Write the records out again, precisely as they stand.

══ Recorded data

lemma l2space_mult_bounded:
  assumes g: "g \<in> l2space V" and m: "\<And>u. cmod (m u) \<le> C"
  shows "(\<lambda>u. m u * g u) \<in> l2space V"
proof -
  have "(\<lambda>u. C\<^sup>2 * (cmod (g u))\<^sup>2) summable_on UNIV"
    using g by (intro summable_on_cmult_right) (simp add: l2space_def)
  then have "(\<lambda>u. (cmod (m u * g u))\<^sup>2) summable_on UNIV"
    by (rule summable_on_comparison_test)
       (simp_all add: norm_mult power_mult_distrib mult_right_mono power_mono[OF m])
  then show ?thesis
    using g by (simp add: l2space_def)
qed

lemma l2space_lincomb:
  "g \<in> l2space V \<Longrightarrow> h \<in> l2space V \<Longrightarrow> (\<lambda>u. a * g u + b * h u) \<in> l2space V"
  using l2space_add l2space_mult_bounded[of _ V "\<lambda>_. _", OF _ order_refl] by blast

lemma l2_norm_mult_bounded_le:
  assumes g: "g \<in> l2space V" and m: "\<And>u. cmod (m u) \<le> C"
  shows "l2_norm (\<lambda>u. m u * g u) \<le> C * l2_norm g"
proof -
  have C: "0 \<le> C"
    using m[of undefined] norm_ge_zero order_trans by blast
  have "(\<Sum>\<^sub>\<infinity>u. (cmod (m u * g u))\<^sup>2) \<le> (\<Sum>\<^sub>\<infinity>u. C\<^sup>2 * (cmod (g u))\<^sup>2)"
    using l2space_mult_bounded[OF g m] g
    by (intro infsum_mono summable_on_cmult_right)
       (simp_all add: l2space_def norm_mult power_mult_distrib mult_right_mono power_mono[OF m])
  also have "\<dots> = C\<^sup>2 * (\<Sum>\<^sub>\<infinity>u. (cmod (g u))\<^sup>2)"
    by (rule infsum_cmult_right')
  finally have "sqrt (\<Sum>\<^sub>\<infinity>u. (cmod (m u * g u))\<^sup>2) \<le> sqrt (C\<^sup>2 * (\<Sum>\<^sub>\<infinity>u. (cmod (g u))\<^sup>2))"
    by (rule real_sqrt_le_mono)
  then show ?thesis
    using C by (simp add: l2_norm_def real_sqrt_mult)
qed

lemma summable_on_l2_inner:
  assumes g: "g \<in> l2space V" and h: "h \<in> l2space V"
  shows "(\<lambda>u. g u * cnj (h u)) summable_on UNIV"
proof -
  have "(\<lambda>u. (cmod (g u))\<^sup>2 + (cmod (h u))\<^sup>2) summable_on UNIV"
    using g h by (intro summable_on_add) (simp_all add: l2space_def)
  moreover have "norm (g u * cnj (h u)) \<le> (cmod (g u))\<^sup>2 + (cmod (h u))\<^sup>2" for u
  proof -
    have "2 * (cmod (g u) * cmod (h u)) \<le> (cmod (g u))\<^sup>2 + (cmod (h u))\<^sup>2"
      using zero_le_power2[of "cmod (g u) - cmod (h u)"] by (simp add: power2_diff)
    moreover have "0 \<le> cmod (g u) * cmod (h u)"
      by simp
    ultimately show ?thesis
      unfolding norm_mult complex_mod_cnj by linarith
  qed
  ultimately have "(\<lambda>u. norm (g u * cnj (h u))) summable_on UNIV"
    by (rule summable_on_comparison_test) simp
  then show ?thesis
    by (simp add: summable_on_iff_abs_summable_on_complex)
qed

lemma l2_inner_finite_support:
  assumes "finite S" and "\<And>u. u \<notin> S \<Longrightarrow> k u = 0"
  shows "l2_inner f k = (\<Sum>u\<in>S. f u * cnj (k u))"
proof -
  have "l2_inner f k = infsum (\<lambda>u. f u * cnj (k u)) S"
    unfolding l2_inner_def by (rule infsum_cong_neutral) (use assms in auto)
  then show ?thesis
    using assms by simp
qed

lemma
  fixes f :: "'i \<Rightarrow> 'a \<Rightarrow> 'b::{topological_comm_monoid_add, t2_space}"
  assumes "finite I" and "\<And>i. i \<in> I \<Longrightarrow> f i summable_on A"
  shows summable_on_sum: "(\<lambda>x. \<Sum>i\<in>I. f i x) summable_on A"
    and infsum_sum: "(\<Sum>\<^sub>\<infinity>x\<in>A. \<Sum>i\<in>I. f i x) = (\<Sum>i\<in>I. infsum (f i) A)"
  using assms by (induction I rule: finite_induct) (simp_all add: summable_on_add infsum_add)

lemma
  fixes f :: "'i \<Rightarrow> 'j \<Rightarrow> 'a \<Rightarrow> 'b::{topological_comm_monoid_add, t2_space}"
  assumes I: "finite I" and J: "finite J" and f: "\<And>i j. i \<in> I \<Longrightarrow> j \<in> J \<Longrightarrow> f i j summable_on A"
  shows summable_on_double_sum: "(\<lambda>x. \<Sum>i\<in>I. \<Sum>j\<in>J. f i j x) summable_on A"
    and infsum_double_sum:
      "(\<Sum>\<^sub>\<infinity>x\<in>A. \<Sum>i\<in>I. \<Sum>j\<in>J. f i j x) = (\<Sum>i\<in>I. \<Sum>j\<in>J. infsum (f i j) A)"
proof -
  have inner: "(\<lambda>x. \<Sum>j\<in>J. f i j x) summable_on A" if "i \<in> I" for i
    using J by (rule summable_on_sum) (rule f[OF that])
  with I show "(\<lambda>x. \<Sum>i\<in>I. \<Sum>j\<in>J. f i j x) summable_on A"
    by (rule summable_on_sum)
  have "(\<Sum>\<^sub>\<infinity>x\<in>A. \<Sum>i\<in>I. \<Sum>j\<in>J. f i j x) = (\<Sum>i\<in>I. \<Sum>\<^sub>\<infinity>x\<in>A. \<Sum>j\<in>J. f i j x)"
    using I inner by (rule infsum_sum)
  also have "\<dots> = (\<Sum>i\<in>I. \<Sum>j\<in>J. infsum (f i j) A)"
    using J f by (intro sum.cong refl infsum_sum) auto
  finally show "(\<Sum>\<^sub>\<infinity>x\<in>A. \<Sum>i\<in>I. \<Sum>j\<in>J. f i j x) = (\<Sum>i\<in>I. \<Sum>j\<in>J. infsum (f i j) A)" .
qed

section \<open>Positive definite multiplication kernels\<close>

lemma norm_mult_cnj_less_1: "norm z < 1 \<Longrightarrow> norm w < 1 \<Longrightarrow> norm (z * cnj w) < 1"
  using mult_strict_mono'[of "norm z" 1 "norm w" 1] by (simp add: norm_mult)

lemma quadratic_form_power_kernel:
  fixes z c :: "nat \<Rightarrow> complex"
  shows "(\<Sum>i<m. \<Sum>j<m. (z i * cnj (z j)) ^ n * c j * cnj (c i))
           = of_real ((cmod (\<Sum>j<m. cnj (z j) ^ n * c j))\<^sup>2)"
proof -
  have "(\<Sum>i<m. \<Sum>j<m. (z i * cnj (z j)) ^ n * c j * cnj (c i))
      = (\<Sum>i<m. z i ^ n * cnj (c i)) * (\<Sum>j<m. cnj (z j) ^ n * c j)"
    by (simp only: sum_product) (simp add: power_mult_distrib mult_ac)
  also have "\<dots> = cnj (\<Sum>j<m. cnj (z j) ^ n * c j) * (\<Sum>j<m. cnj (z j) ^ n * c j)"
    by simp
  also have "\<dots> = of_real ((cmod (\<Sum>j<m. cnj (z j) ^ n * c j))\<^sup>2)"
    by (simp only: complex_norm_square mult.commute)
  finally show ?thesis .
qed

════

Response to the task:
lemma l2space_mult_bounded:
  assumes g: "g \<in> l2space V" and m: "\<And>u. cmod (m u) \<le> C"
  shows "(\<lambda>u. m u * g u) \<in> l2space V"
proof -
  have "(\<lambda>u. C\<^sup>2 * (cmod (g u))\<^sup>2) summable_on UNIV"
    using g by (intro summable_on_cmult_right) (simp add: l2space_def)
  then have "(\<lambda>u. (cmod (m u * g u))\<^sup>2) summable_on UNIV"
    by (rule summable_on_comparison_test)
       (simp_all add: norm_mult power_mult_distrib mult_right_mono power_mono[OF m])
  then show ?thesis
    using g by (simp add: l2space_def)
qed

lemma l2space_lincomb:
  "g \<in> l2space V \<Longrightarrow> h \<in> l2space V \<Longrightarrow> (\<lambda>u. a * g u + b * h u) \<in> l2space V"
  using l2space_add l2space_mult_bounded[of _ V "\<lambda>_. _", OF _ order_refl] by blast

lemma l2_norm_mult_bounded_le:
  assumes g: "g \<in> l2space V" and m: "\<And>u. cmod (m u) \<le> C"
  shows "l2_norm (\<lambda>u. m u * g u) \<le> C * l2_norm g"
proof -
  have C: "0 \<le> C"
    using m[of undefined] norm_ge_zero order_trans by blast
  have "(\<Sum>\<^sub>\<infinity>u. (cmod (m u * g u))\<^sup>2) \<le> (\<Sum>\<^sub>\<infinity>u. C\<^sup>2 * (cmod (g u))\<^sup>2)"
    using l2space_mult_bounded[OF g m] g
    by (intro infsum_mono summable_on_cmult_right)
       (simp_all add: l2space_def norm_mult power_mult_distrib mult_right_mono power_mono[OF m])
  also have "\<dots> = C\<^sup>2 * (\<Sum>\<^sub>\<infinity>u. (cmod (g u))\<^sup>2)"
    by (rule infsum_cmult_right')
  finally have "sqrt (\<Sum>\<^sub>\<infinity>u. (cmod (m u * g u))\<^sup>2) \<le> sqrt (C\<^sup>2 * (\<Sum>\<^sub>\<infinity>u. (cmod (g u))\<^sup>2))"
    by (rule real_sqrt_le_mono)
  then show ?thesis
    using C by (simp add: l2_norm_def real_sqrt_mult)
qed

lemma summable_on_l2_inner:
  assumes g: "g \<in> l2space V" and h: "h \<in> l2space V"
  shows "(\<lambda>u. g u * cnj (h u)) summable_on UNIV"
proof -
  have "(\<lambda>u. (cmod (g u))\<^sup>2 + (cmod (h u))\<^sup>2) summable_on UNIV"
    using g h by (intro summable_on_add) (simp_all add: l2space_def)
  moreover have "norm (g u * cnj (h u)) \<le> (cmod (g u))\<^sup>2 + (cmod (h u))\<^sup>2" for u
  proof -
    have "2 * (cmod (g u) * cmod (h u)) \<le> (cmod (g u))\<^sup>2 + (cmod (h u))\<^sup>2"
      using zero_le_power2[of "cmod (g u) - cmod (h u)"] by (simp add: power2_diff)
    moreover have "0 \<le> cmod (g u) * cmod (h u)"
      by simp
    ultimately show ?thesis
      unfolding norm_mult complex_mod_cnj by linarith
  qed
  ultimately have "(\<lambda>u. norm (g u * cnj (h u))) summable_on UNIV"
    by (rule summable_on_comparison_test) simp
  then show ?thesis
    by (simp add: summable_on_iff_abs_summable_on_complex)
qed

lemma l2_inner_finite_support:
  assumes "finite S" and "\<And>u. u \<notin> S \<Longrightarrow> k u = 0"
  shows "l2_inner f k = (\<Sum>u\<in>S. f u * cnj (k u))"
proof -
  have "l2_inner f k = infsum (\<lambda>u. f u * cnj (k u)) S"
    unfolding l2_inner_def by (rule infsum_cong_neutral) (use assms in auto)
  then show ?thesis
    using assms by simp
qed

lemma
  fixes f :: "'i \<Rightarrow> 'a \<Rightarrow> 'b::{topological_comm_monoid_add, t2_space}"
  assumes "finite I" and "\<And>i. i \<in> I \<Longrightarrow> f i summable_on A"
  shows summable_on_sum: "(\<lambda>x. \<Sum>i\<in>I. f i x) summable_on A"
    and infsum_sum: "(\<Sum>\<^sub>\<infinity>x\<in>A. \<Sum>i\<in>I. f i x) = (\<Sum>i\<in>I. infsum (f i) A)"
  using assms by (induction I rule: finite_induct) (simp_all add: summable_on_add infsum_add)

lemma
  fixes f :: "'i \<Rightarrow> 'j \<Rightarrow> 'a \<Rightarrow> 'b::{topological_comm_monoid_add, t2_space}"
  assumes I: "finite I" and J: "finite J" and f: "\<And>i j. i \<in> I \<Longrightarrow> j \<in> J \<Longrightarrow> f i j summable_on A"
  shows summable_on_double_sum: "(\<lambda>x. \<Sum>i\<in>I. \<Sum>j\<in>J. f i j x) summable_on A"
    and infsum_double_sum:
      "(\<Sum>\<^sub>\<infinity>x\<in>A. \<Sum>i\<in>I. \<Sum>j\<in>J. f i j x) = (\<Sum>i\<in>I. \<Sum>j\<in>J. infsum (f i j) A)"
proof -
  have inner: "(\<lambda>x. \<Sum>j\<in>J. f i j x) summable_on A" if "i \<in> I" for i
    using J by (rule summable_on_sum) (rule f[OF that])
  with I show "(\<lambda>x. \<Sum>i\<in>I. \<Sum>j\<in>J. f i j x) summable_on A"
    by (rule summable_on_sum)
  have "(\<Sum>\<^sub>\<infinity>x\<in>A. \<Sum>i\<in>I. \<Sum>j\<in>J. f i j x) = (\<Sum>i\<in>I. \<Sum>\<^sub>\<infinity>x\<in>A. \<Sum>j\<in>J. f i j x)"
    using I inner by (rule infsum_sum)
  also have "\<dots> = (\<Sum>i\<in>I. \<Sum>j\<in>J. infsum (f i j) A)"
    using J f by (intro sum.cong refl infsum_sum) auto
  finally show "(\<Sum>\<^sub>\<infinity>x\<in>A. \<Sum>i\<in>I. \<Sum>j\<in>J. f i j x) = (\<Sum>i\<in>I. \<Sum>j\<in>J. infsum (f i j) A)" .
qed

section \<open>Positive definite multiplication kernels\<close>

lemma norm_mult_cnj_less_1: "norm z < 1 \<Longrightarrow> norm w < 1 \<Longrightarrow> norm (z * cnj w) < 1"
  using mult_strict_mono'[of "norm z" 1 "norm w" 1] by (simp add: norm_mult)

lemma quadratic_form_power_kernel:
  fixes z c :: "nat \<Rightarrow> complex"
  shows "(\<Sum>i<m. \<Sum>j<m. (z i * cnj (z j)) ^ n * c j * cnj (c i))
           = of_real ((cmod (\<Sum>j<m. cnj (z j) ^ n * c j))\<^sup>2)"
proof -
  have "(\<Sum>i<m. \<Sum>j<m. (z i * cnj (z j)) ^ n * c j * cnj (c i))
      = (\<Sum>i<m. z i ^ n * cnj (c i)) * (\<Sum>j<m. cnj (z j) ^ n * c j)"
    by (simp only: sum_product) (simp add: power_mult_distrib mult_ac)
  also have "\<dots> = cnj (\<Sum>j<m. cnj (z j) ^ n * c j) * (\<Sum>j<m. cnj (z j) ^ n * c j)"
    by simp
  also have "\<dots> = of_real ((cmod (\<Sum>j<m. cnj (z j) ^ n * c j))\<^sup>2)"
    by (simp only: complex_norm_square mult.commute)
  finally show ?thesis .
qed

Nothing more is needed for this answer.